AYOH has appointed an Information Officer (SA) who also serves as the point of contact for GDPR (UK/EU) inquiries.

• Information Officer: Michael
• Email: michael@ayoh.group
• Deputy Information Officer: Ross
• Email: ross@ayoh.group

4. The Data We Collect

We collect and process the following categories of data:

4.1. Identity Data: Name, username, marital status, title, date of birth, gender.

4.2. Contact Data: Billing address, delivery address, email address, telephone numbers.

4.3. Financial Data: Bank account and payment card details (processed securely via third-party providers).

4.4. Technical Data: Internet Protocol (IP) address, browser type and version, time zone setting, browser plug-in types, operating system, and platform.

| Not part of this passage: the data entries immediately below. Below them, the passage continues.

(* Let $\mathbf{C}=\{\mathfrak{F}_k\mid k\ge1\}$ and let $\vDash_{\mathbf{ML}}$ denote $\vDash_{\mathbf{C}}$. Let $p_0$ be a propositional variable not occurring in any $\boldsymbol{bd}_i$. Then $\{\boldsymbol{bd}_i\to p_0\mid i\ge1\}\vDash_{\mathbf{ML}}p_0$, but $\Gamma'\nvDash_{\mathbf{ML}}p_0$ for every finite $\Gamma'\subseteq\{\boldsymbol{bd}_i\to p_0\mid i\ge1\}$. Hence $\vDash_{\mathbf{ML}}$ is not compact.
   Context: Formulas are built from a countably infinite set of propositional variables and $\bot$ using $\land,\lor,\to$; intuitionistic Kripke semantics with valuations assigning upward-closed sets. For $k\ge1$, $\mathfrak{F}_k=\langle\wp^*(k),\supseteq\rangle$, where $k=\{0,\dots,k-1\}$ and $\wp^*(k)$ is the set of non-empty subsets of $k$. For a poset $\mathfrak{P}$, $\Gamma\vDash_{\mathfrak{P}}\varphi$ means: for every valuation $V$ and every point $w$, if all formulas of $\Gamma$ are forced at $w$ then $\varphi$ is forced at $w$; for a class $\mathbf{C}$, $\Gamma\vDash_{\mathbf{C}}\varphi$ means $\Gamma\vDash_{\mathfrak{P}}\varphi$ for all $\mathfrak{P}\in\mathbf{C}$. For $i\ge1$, $\boldsymbol{bd}_i$ is the formula $p_i\lor(p_i\to(p_{i-1}\lor(p_{i-1}\to(\cdots(p_1\lor(p_1\to\bot))\cdots))))$ in the variables $p_1,\dots,p_i$. *)

theory Defs
  imports Main
begin

datatype form = Var nat | Bot | And form form | Or form form | Imp form form

fun forces :: "'a set \<Rightarrow> ('a \<Rightarrow> 'a \<Rightarrow> bool) \<Rightarrow> (nat \<Rightarrow> 'a set) \<Rightarrow> 'a \<Rightarrow> form \<Rightarrow> bool" where
  "forces W le V w (Var n) = (w \<in> V n)"
| "forces W le V w Bot = False"
| "forces W le V w (And a b) = (forces W le V w a \<and> forces W le V w b)"
| "forces W le V w (Or a b) = (forces W le V w a \<or> forces W le V w b)"
| "forces W le V w (Imp a b) = (\<forall>v\<in>W. le w v \<longrightarrow> forces W le V v a \<longrightarrow> forces W le V v b)"

definition valuation :: "'a set \<Rightarrow> ('a \<Rightarrow> 'a \<Rightarrow> bool) \<Rightarrow> (nat \<Rightarrow> 'a set) \<Rightarrow> bool" where
  "valuation W le V \<longleftrightarrow> (\<forall>n. V n \<subseteq> W \<and> (\<forall>w\<in>V n. \<forall>v\<in>W. le w v \<longrightarrow> v \<in> V n))"

definition poset_conseq :: "'a set \<Rightarrow> ('a \<Rightarrow> 'a \<Rightarrow> bool) \<Rightarrow> form set \<Rightarrow> form \<Rightarrow> bool" where
  "poset_conseq W le \<Gamma> \<phi> \<longleftrightarrow>
     (\<forall>V. valuation W le V \<longrightarrow> (\<forall>w\<in>W. (\<forall>\<gamma>\<in>\<Gamma>. forces W le V w \<gamma>) \<longrightarrow> forces W le V w \<phi>))"

text \<open>F_k = (nonempty subsets of {0..k-1}, \<supseteq>)\<close>
definition Fk :: "nat \<Rightarrow> nat set set" where
  "Fk k = {s. s \<noteq> {} \<and> s \<subseteq> {..<k}}"

definition medvedev_conseq :: "form set \<Rightarrow> form \<Rightarrow> bool" where
  "medvedev_conseq \<Gamma> \<phi> \<longleftrightarrow> (\<forall>k\<ge>1. poset_conseq (Fk k) (\<lambda>w v. v \<subseteq> w) \<Gamma> \<phi>)"

text \<open>bd_i with p_j = Var j; bd 0 = Bot is an auxiliary base case, so
  bd 1 = p_1 \<or> (p_1 \<rightarrow> \<bottom>) and bd (i+1) = p_(i+1) \<or> (p_(i+1) \<rightarrow> bd i).\<close>
fun bd :: "nat \<Rightarrow> form" where
  "bd 0 = Bot"
| "bd (Suc i) = Or (Var (Suc i)) (Imp (Var (Suc i)) (bd i))"

definition compact_conseq :: "(form set \<Rightarrow> form \<Rightarrow> bool) \<Rightarrow> bool" where
  "compact_conseq C \<longleftrightarrow> (\<forall>\<Gamma> \<phi>. C \<Gamma> \<phi> \<longrightarrow> (\<exists>\<Gamma>'. finite \<Gamma>' \<and> \<Gamma>' \<subseteq> \<Gamma> \<and> C \<Gamma>' \<phi>))"

end

theory Submission
  imports Defs
begin

text \<open>On \<open>\<FF>\<^sub>k\<close> a point \<open>w\<close> sees only chains of length at most \<open>card w \<le> k\<close>, so \<open>bd\<^sub>k\<close>
  holds everywhere in \<open>\<FF>\<^sub>k\<close> and all premises together force \<open>p\<^sub>0\<close>. Conversely, finitely
  many premises mention only \<open>bd\<^sub>i\<close> with \<open>i \<le> n\<close>; on \<open>\<FF>\<^sub>n\<^sub>+\<^sub>1\<close>, valuating \<open>p\<^sub>j\<close> by the
  sets of size at most \<open>j\<close> makes \<open>bd\<^sub>i\<close> true exactly at sets of size at most \<open>i\<close>, so taking
  \<open>p\<^sub>0\<close> true at the sets of size at most \<open>n\<close> validates those premises at the top point
  \<open>{0,\<dots>,n}\<close>, where \<open>p\<^sub>0\<close> fails.\<close>

lemma card_le_of_Fk: "w \<in> Fk k \<Longrightarrow> card w \<le> k"
  unfolding Fk_def by (metis card_lessThan card_mono finite_lessThan mem_Collect_eq)

lemma Fk_finite_nonempty: "\<forall>w\<in>Fk k. finite w \<and> w \<noteq> {}"
  unfolding Fk_def using finite_subset by blast

lemma forces_bd_if_card_le:
  assumes W: "\<forall>u\<in>W. finite u \<and> u \<noteq> {}"
    and "w \<in> W" "card w \<le> i"
  shows "forces W (\<lambda>w v. v \<subseteq> w) V w (bd i)"
  using assms(2,3)
proof (induction i arbitrary: w)
  case 0
  then show ?case using W by auto
next
  case (Suc i)
  have "forces W (\<lambda>w v. v \<subseteq> w) V v (bd i)"
    if "v \<in> W" "v \<subset> w" for v
    using Suc.IH[OF \<open>v \<in> W\<close>] psubset_card_mono[OF _ \<open>v \<subset> w\<close>] W Suc.prems by fastforce
  then show ?case by (auto simp: psubset_eq)
qed

lemma not_forces_bd_if_card_gt:
  assumes V: "\<And>j. j \<ge> 1 \<Longrightarrow> V j = {v \<in> Fk k. card v \<le> j}"
    and "w \<in> Fk k" "i < card w"
  shows "\<not> forces (Fk k) (\<lambda>w v. v \<subseteq> w) V w (bd i)"
  using assms(2,3)
proof (induction i arbitrary: w)
  case 0
  then show ?case by simp
next
  case (Suc i)
  obtain v where v: "v \<subseteq> w" "card v = Suc i"
    using obtain_subset_with_card_n[of "Suc i" w] Suc.prems by (metis less_imp_le)
  then have "v \<in> Fk k"
    using Suc.prems(1) unfolding Fk_def by auto
  then have "v \<in> V (Suc i)" and "\<not> forces (Fk k) (\<lambda>w v. v \<subseteq> w) V v (bd i)"
    using V[of "Suc i"] Suc.IH v by auto
  moreover have "w \<notin> V (Suc i)"
    using V[of "Suc i"] Suc.prems by auto
  ultimately show ?case
    using v \<open>v \<in> Fk k\<close> by auto
qed

lemma valuation_card_bounded:
  "valuation (Fk k) (\<lambda>w v. v \<subseteq> w) (\<lambda>j. {v \<in> Fk k. card v \<le> f j})"
  unfolding valuation_def
proof (intro allI conjI ballI impI)
  fix j w v
  assume w: "w \<in> {v \<in> Fk k. card v \<le> f j}" and "v \<in> Fk k" "v \<subseteq> w"
  then have "card v \<le> card w"
    using Fk_finite_nonempty[of k] by (simp add: card_mono)
  then show "v \<in> {v \<in> Fk k. card v \<le> f j}"
    using \<open>v \<in> Fk k\<close> w by simp
qed auto

lemma poset_conseq_mono_premises:
  "poset_conseq W le \<Gamma> \<phi> \<Longrightarrow> \<Gamma> \<subseteq> \<Delta> \<Longrightarrow> poset_conseq W le \<Delta> \<phi>"
  unfolding poset_conseq_def by blast

lemma finite_bd_premises_bounded:
  assumes "finite \<Gamma>" "\<Gamma> \<subseteq> {Imp (bd i) (Var 0) | i. i \<ge> 1}"
  obtains n where "\<Gamma> \<subseteq> {Imp (bd i) (Var 0) | i. 1 \<le> i \<and> i \<le> n}"
proof -
  have "\<Gamma> \<subseteq> (\<lambda>i. Imp (bd i) (Var 0)) ` {i. i \<ge> 1}"
    using assms(2) by (auto simp: image_iff)
  then obtain I where I: "finite I" "I \<subseteq> {i. i \<ge> 1}" "\<Gamma> = (\<lambda>i. Imp (bd i) (Var 0)) ` I"
    using finite_subset_image[OF assms(1)] by metis
  have "\<Gamma> \<subseteq> {Imp (bd i) (Var 0) | i. 1 \<le> i \<and> i \<le> Max I}"
  proof
    fix \<gamma>
    assume "\<gamma> \<in> \<Gamma>"
    then obtain i where "i \<in> I" "\<gamma> = Imp (bd i) (Var 0)"
      using I(3) by blast
    then show "\<gamma> \<in> {Imp (bd i) (Var 0) | i. 1 \<le> i \<and> i \<le> Max I}"
      using I(1,2) by auto
  qed
  then show thesis by (rule that)
qed

lemma medvedev_conseq_bd_premises:
  "medvedev_conseq {Imp (bd i) (Var 0) | i. i \<ge> 1} (Var 0)"
  unfolding medvedev_conseq_def poset_conseq_def
proof (intro allI impI ballI)
  fix k :: nat and V w
  assume "1 \<le> k" and w: "w \<in> Fk k"
    and bd_imp: "\<forall>\<gamma>\<in>{Imp (bd i) (Var 0) | i. 1 \<le> i}. forces (Fk k) (\<lambda>w v. v \<subseteq> w) V w \<gamma>"
  then have "forces (Fk k) (\<lambda>w v. v \<subseteq> w) V w (Imp (bd k) (Var 0))"
    by blast
  moreover have "forces (Fk k) (\<lambda>w v. v \<subseteq> w) V w (bd k)"
    using forces_bd_if_card_le[OF Fk_finite_nonempty w card_le_of_Fk[OF w]] .
  ultimately show "forces (Fk k) (\<lambda>w v. v \<subseteq> w) V w (Var 0)"
    using w by auto
qed

lemma not_poset_conseq_bounded_bd_premises:
  "\<not> poset_conseq (Fk (Suc n)) (\<lambda>w v. v \<subseteq> w) {Imp (bd i) (Var 0) | i. 1 \<le> i \<and> i \<le> n} (Var 0)"
proof
  define V where "V = (\<lambda>j. {v \<in> Fk (Suc n). card v \<le> (if j = 0 then n else j)})"
  have val: "valuation (Fk (Suc n)) (\<lambda>w v. v \<subseteq> w) V"
    unfolding V_def by (rule valuation_card_bounded)
  have V_pos: "\<And>j. 1 \<le> j \<Longrightarrow> V j = {v \<in> Fk (Suc n). card v \<le> j}"
    by (simp add: V_def)
  have top: "{..n} \<in> Fk (Suc n)"
    unfolding Fk_def by auto
  have "forces (Fk (Suc n)) (\<lambda>w v. v \<subseteq> w) V {..n} (Imp (bd i) (Var 0))"
    if "i \<le> n" for i
  proof -
    have "v \<in> V 0" if "v \<in> Fk (Suc n)" "forces (Fk (Suc n)) (\<lambda>w v. v \<subseteq> w) V v (bd i)" for v
    proof -
      have "\<not> i < card v"
        using not_forces_bd_if_card_gt[OF V_pos] that by blast
      then show ?thesis
        using that(1) \<open>i \<le> n\<close> by (simp add: V_def)
    qed
    then show ?thesis by simp
  qed
  then have bd_imp: "\<forall>\<gamma>\<in>{Imp (bd i) (Var 0) | i. 1 \<le> i \<and> i \<le> n}.
      forces (Fk (Suc n)) (\<lambda>w v. v \<subseteq> w) V {..n} \<gamma>"
    by blast
  assume "poset_conseq (Fk (Suc n)) (\<lambda>w v. v \<subseteq> w)
    {Imp (bd i) (Var 0) | i. 1 \<le> i \<and> i \<le> n} (Var 0)"
  then have "forces (Fk (Suc n)) (\<lambda>w v. v \<subseteq> w) V {..n} (Var 0)"
    using val top bd_imp unfolding poset_conseq_def by blast
  then show False
    by (simp add: V_def)
qed

lemma not_medvedev_conseq_finite_bd_premises:
  assumes "finite \<Gamma>" "\<Gamma> \<subseteq> {Imp (bd i) (Var 0) | i. i \<ge> 1}"
  shows "\<not> medvedev_conseq \<Gamma> (Var 0)"
proof
  obtain n where bounded: "\<Gamma> \<subseteq> {Imp (bd i) (Var 0) | i. 1 \<le> i \<and> i \<le> n}"
    using finite_bd_premises_bounded[OF assms] .
  assume "medvedev_conseq \<Gamma> (Var 0)"
  then have "poset_conseq (Fk (Suc n)) (\<lambda>w v. v \<subseteq> w) \<Gamma> (Var 0)"
    unfolding medvedev_conseq_def by simp
  then have "poset_conseq (Fk (Suc n)) (\<lambda>w v. v \<subseteq> w)
      {Imp (bd i) (Var 0) | i. 1 \<le> i \<and> i \<le> n} (Var 0)"
    using bounded by (rule poset_conseq_mono_premises)
  then show False
    using not_poset_conseq_bounded_bd_premises by contradiction
qed

theorem mainTheorem11:
  shows "medvedev_conseq {Imp (bd i) (Var 0) | i. i \<ge> 1} (Var 0)
    \<and> (\<forall>\<Gamma>'. finite \<Gamma>' \<and> \<Gamma>' \<subseteq> {Imp (bd i) (Var 0) | i. i \<ge> 1} \<longrightarrow> \<not> medvedev_conseq \<Gamma>' (Var 0))
    \<and> \<not> compact_conseq medvedev_conseq"
proof (intro conjI allI impI)
  show "medvedev_conseq {Imp (bd i) (Var 0) | i. i \<ge> 1} (Var 0)"
    by (rule medvedev_conseq_bd_premises)
  show "\<not> medvedev_conseq \<Gamma>' (Var 0)"
    if "finite \<Gamma>' \<and> \<Gamma>' \<subseteq> {Imp (bd i) (Var 0) | i. i \<ge> 1}" for \<Gamma>'
    using not_medvedev_conseq_finite_bd_premises that by blast
  then show "\<not> compact_conseq medvedev_conseq"
    using medvedev_conseq_bd_premises unfolding compact_conseq_def by blast
qed

end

4.5. Special Personal Information: (As defined in POPIA/GDPR Art. 9) We only collect sensitive data (e.g., health, biometrics for security, or biometric identification) when strictly required by law (e.g., employment equity) or with explicit consent.

5. Lawful Basis for Processing (GDPR/UK GDPR Requirement)

Under UK and EU data protection laws, we must have a "lawful basis" for processing your data. We process your data based on:

5.1. Contractual Necessity: Processing is necessary to perform a contract with you (e.g., providing our optimisation services or employment contracts).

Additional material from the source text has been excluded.